= Beginning of Section =
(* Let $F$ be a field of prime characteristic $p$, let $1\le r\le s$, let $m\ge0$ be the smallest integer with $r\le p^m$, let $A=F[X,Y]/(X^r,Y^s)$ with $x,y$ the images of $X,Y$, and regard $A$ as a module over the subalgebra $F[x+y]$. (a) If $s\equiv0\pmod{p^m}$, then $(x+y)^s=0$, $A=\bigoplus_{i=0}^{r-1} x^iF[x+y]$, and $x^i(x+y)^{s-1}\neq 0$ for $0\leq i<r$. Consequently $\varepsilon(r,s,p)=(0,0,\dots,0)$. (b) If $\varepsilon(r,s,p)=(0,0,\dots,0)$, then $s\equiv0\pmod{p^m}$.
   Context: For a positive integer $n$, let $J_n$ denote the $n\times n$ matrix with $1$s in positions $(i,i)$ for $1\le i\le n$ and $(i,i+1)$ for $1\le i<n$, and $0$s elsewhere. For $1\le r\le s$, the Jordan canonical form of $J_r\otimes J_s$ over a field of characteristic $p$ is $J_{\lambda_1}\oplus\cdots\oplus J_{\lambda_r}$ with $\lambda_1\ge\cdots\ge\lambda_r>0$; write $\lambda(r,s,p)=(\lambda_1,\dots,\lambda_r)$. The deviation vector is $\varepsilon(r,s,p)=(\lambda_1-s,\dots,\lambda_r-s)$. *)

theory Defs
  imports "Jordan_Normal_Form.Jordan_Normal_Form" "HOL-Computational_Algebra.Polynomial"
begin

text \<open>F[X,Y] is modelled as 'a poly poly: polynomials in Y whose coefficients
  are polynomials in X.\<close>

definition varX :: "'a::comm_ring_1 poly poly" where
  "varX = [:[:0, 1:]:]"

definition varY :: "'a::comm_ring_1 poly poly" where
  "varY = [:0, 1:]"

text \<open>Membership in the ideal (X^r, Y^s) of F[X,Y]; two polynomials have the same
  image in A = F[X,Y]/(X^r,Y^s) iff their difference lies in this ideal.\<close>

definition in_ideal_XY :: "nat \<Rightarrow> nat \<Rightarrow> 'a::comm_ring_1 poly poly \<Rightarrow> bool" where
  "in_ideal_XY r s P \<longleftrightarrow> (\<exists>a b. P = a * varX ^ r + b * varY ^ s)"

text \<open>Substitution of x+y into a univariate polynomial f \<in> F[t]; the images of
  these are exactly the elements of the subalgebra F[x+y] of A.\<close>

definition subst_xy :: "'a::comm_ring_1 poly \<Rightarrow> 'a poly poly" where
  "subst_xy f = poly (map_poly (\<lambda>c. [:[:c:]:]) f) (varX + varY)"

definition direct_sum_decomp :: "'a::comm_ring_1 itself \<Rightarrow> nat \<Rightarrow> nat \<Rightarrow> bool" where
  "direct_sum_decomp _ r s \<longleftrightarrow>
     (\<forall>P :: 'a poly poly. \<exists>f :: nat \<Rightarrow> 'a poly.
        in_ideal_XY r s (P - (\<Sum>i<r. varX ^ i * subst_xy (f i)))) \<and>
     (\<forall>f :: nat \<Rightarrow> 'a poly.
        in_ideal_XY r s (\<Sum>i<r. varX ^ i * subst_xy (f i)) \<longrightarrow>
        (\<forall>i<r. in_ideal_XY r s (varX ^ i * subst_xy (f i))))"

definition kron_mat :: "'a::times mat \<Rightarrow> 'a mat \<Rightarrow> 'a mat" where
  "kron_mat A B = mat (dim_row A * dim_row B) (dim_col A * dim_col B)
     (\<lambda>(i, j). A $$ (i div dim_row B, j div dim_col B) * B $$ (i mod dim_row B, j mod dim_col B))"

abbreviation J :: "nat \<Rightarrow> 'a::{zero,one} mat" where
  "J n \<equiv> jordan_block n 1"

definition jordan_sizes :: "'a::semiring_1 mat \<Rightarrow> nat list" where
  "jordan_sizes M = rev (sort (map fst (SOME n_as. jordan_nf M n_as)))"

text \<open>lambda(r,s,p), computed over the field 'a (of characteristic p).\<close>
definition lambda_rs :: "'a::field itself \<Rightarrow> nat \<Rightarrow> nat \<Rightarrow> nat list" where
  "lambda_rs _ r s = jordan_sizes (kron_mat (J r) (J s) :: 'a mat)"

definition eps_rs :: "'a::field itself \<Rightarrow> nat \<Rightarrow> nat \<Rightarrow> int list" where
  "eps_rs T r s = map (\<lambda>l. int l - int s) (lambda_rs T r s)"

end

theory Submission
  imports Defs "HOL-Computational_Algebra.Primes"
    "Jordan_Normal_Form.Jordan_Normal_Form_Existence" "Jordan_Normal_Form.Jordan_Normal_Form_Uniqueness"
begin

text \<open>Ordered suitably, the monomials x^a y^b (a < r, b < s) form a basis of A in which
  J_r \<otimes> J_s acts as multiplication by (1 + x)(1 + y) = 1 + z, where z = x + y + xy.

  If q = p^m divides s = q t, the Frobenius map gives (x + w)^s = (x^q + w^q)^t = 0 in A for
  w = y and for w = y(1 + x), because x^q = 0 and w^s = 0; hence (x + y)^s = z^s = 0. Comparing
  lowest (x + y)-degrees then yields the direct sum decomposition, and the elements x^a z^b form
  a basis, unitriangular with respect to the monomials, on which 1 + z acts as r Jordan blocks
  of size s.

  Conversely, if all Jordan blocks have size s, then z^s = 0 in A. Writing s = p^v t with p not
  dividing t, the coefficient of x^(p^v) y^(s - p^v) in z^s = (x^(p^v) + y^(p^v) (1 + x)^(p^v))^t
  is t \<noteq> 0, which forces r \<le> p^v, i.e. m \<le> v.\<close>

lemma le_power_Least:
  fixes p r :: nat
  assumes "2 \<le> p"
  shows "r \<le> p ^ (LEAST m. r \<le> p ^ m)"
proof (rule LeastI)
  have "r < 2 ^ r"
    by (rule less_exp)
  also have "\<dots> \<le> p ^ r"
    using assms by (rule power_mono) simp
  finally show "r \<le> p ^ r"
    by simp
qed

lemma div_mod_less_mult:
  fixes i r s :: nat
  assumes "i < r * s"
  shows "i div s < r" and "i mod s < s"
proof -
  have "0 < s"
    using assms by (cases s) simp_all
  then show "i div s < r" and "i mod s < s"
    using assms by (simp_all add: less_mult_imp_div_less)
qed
= End of Section =
* **WORK INSTRUCTIONS**
Restate all entries above verbatim.

* **WRITTEN ANSWER**
(* Let $F$ be a field of prime characteristic $p$, let $1\le r\le s$, let $m\ge0$ be the smallest integer with $r\le p^m$, let $A=F[X,Y]/(X^r,Y^s)$ with $x,y$ the images of $X,Y$, and regard $A$ as a module over the subalgebra $F[x+y]$. (a) If $s\equiv0\pmod{p^m}$, then $(x+y)^s=0$, $A=\bigoplus_{i=0}^{r-1} x^iF[x+y]$, and $x^i(x+y)^{s-1}\neq 0$ for $0\leq i<r$. Consequently $\varepsilon(r,s,p)=(0,0,\dots,0)$. (b) If $\varepsilon(r,s,p)=(0,0,\dots,0)$, then $s\equiv0\pmod{p^m}$.
   Context: For a positive integer $n$, let $J_n$ denote the $n\times n$ matrix with $1$s in positions $(i,i)$ for $1\le i\le n$ and $(i,i+1)$ for $1\le i<n$, and $0$s elsewhere. For $1\le r\le s$, the Jordan canonical form of $J_r\otimes J_s$ over a field of characteristic $p$ is $J_{\lambda_1}\oplus\cdots\oplus J_{\lambda_r}$ with $\lambda_1\ge\cdots\ge\lambda_r>0$; write $\lambda(r,s,p)=(\lambda_1,\dots,\lambda_r)$. The deviation vector is $\varepsilon(r,s,p)=(\lambda_1-s,\dots,\lambda_r-s)$. *)

theory Defs
  imports "Jordan_Normal_Form.Jordan_Normal_Form" "HOL-Computational_Algebra.Polynomial"
begin

text \<open>F[X,Y] is modelled as 'a poly poly: polynomials in Y whose coefficients
  are polynomials in X.\<close>

definition varX :: "'a::comm_ring_1 poly poly" where
  "varX = [:[:0, 1:]:]"

definition varY :: "'a::comm_ring_1 poly poly" where
  "varY = [:0, 1:]"

text \<open>Membership in the ideal (X^r, Y^s) of F[X,Y]; two polynomials have the same
  image in A = F[X,Y]/(X^r,Y^s) iff their difference lies in this ideal.\<close>

definition in_ideal_XY :: "nat \<Rightarrow> nat \<Rightarrow> 'a::comm_ring_1 poly poly \<Rightarrow> bool" where
  "in_ideal_XY r s P \<longleftrightarrow> (\<exists>a b. P = a * varX ^ r + b * varY ^ s)"

text \<open>Substitution of x+y into a univariate polynomial f \<in> F[t]; the images of
  these are exactly the elements of the subalgebra F[x+y] of A.\<close>

definition subst_xy :: "'a::comm_ring_1 poly \<Rightarrow> 'a poly poly" where
  "subst_xy f = poly (map_poly (\<lambda>c. [:[:c:]:]) f) (varX + varY)"

definition direct_sum_decomp :: "'a::comm_ring_1 itself \<Rightarrow> nat \<Rightarrow> nat \<Rightarrow> bool" where
  "direct_sum_decomp _ r s \<longleftrightarrow>
     (\<forall>P :: 'a poly poly. \<exists>f :: nat \<Rightarrow> 'a poly.
        in_ideal_XY r s (P - (\<Sum>i<r. varX ^ i * subst_xy (f i)))) \<and>
     (\<forall>f :: nat \<Rightarrow> 'a poly.
        in_ideal_XY r s (\<Sum>i<r. varX ^ i * subst_xy (f i)) \<longrightarrow>
        (\<forall>i<r. in_ideal_XY r s (varX ^ i * subst_xy (f i))))"

definition kron_mat :: "'a::times mat \<Rightarrow> 'a mat \<Rightarrow> 'a mat" where
  "kron_mat A B = mat (dim_row A * dim_row B) (dim_col A * dim_col B)
     (\<lambda>(i, j). A $$ (i div dim_row B, j div dim_col B) * B $$ (i mod dim_row B, j mod dim_col B))"

abbreviation J :: "nat \<Rightarrow> 'a::{zero,one} mat" where
  "J n \<equiv> jordan_block n 1"

definition jordan_sizes :: "'a::semiring_1 mat \<Rightarrow> nat list" where
  "jordan_sizes M = rev (sort (map fst (SOME n_as. jordan_nf M n_as)))"

text \<open>lambda(r,s,p), computed over the field 'a (of characteristic p).\<close>
definition lambda_rs :: "'a::field itself \<Rightarrow> nat \<Rightarrow> nat \<Rightarrow> nat list" where
  "lambda_rs _ r s = jordan_sizes (kron_mat (J r) (J s) :: 'a mat)"

definition eps_rs :: "'a::field itself \<Rightarrow> nat \<Rightarrow> nat \<Rightarrow> int list" where
  "eps_rs T r s = map (\<lambda>l. int l - int s) (lambda_rs T r s)"

end

theory Submission
  imports Defs "HOL-Computational_Algebra.Primes"
    "Jordan_Normal_Form.Jordan_Normal_Form_Existence" "Jordan_Normal_Form.Jordan_Normal_Form_Uniqueness"
begin

text \<open>Ordered suitably, the monomials x^a y^b (a < r, b < s) form a basis of A in which
  J_r \<otimes> J_s acts as multiplication by (1 + x)(1 + y) = 1 + z, where z = x + y + xy.

  If q = p^m divides s = q t, the Frobenius map gives (x + w)^s = (x^q + w^q)^t = 0 in A for
  w = y and for w = y(1 + x), because x^q = 0 and w^s = 0; hence (x + y)^s = z^s = 0. Comparing
  lowest (x + y)-degrees then yields the direct sum decomposition, and the elements x^a z^b form
  a basis, unitriangular with respect to the monomials, on which 1 + z acts as r Jordan blocks
  of size s.

  Conversely, if all Jordan blocks have size s, then z^s = 0 in A. Writing s = p^v t with p not
  dividing t, the coefficient of x^(p^v) y^(s - p^v) in z^s = (x^(p^v) + y^(p^v) (1 + x)^(p^v))^t
  is t \<noteq> 0, which forces r \<le> p^v, i.e. m \<le> v.\<close>

lemma le_power_Least:
  fixes p r :: nat
  assumes "2 \<le> p"
  shows "r \<le> p ^ (LEAST m. r \<le> p ^ m)"
proof (rule LeastI)
  have "r < 2 ^ r"
    by (rule less_exp)
  also have "\<dots> \<le> p ^ r"
    using assms by (rule power_mono) simp
  finally show "r \<le> p ^ r"
    by simp
qed

lemma div_mod_less_mult:
  fixes i r s :: nat
  assumes "i < r * s"
  shows "i div s < r" and "i mod s < s"
proof -
  have "0 < s"
    using assms by (cases s) simp_all
  then show "i div s < r" and "i mod s < s"
    using assms by (simp_all add: less_mult_imp_div_less)
qed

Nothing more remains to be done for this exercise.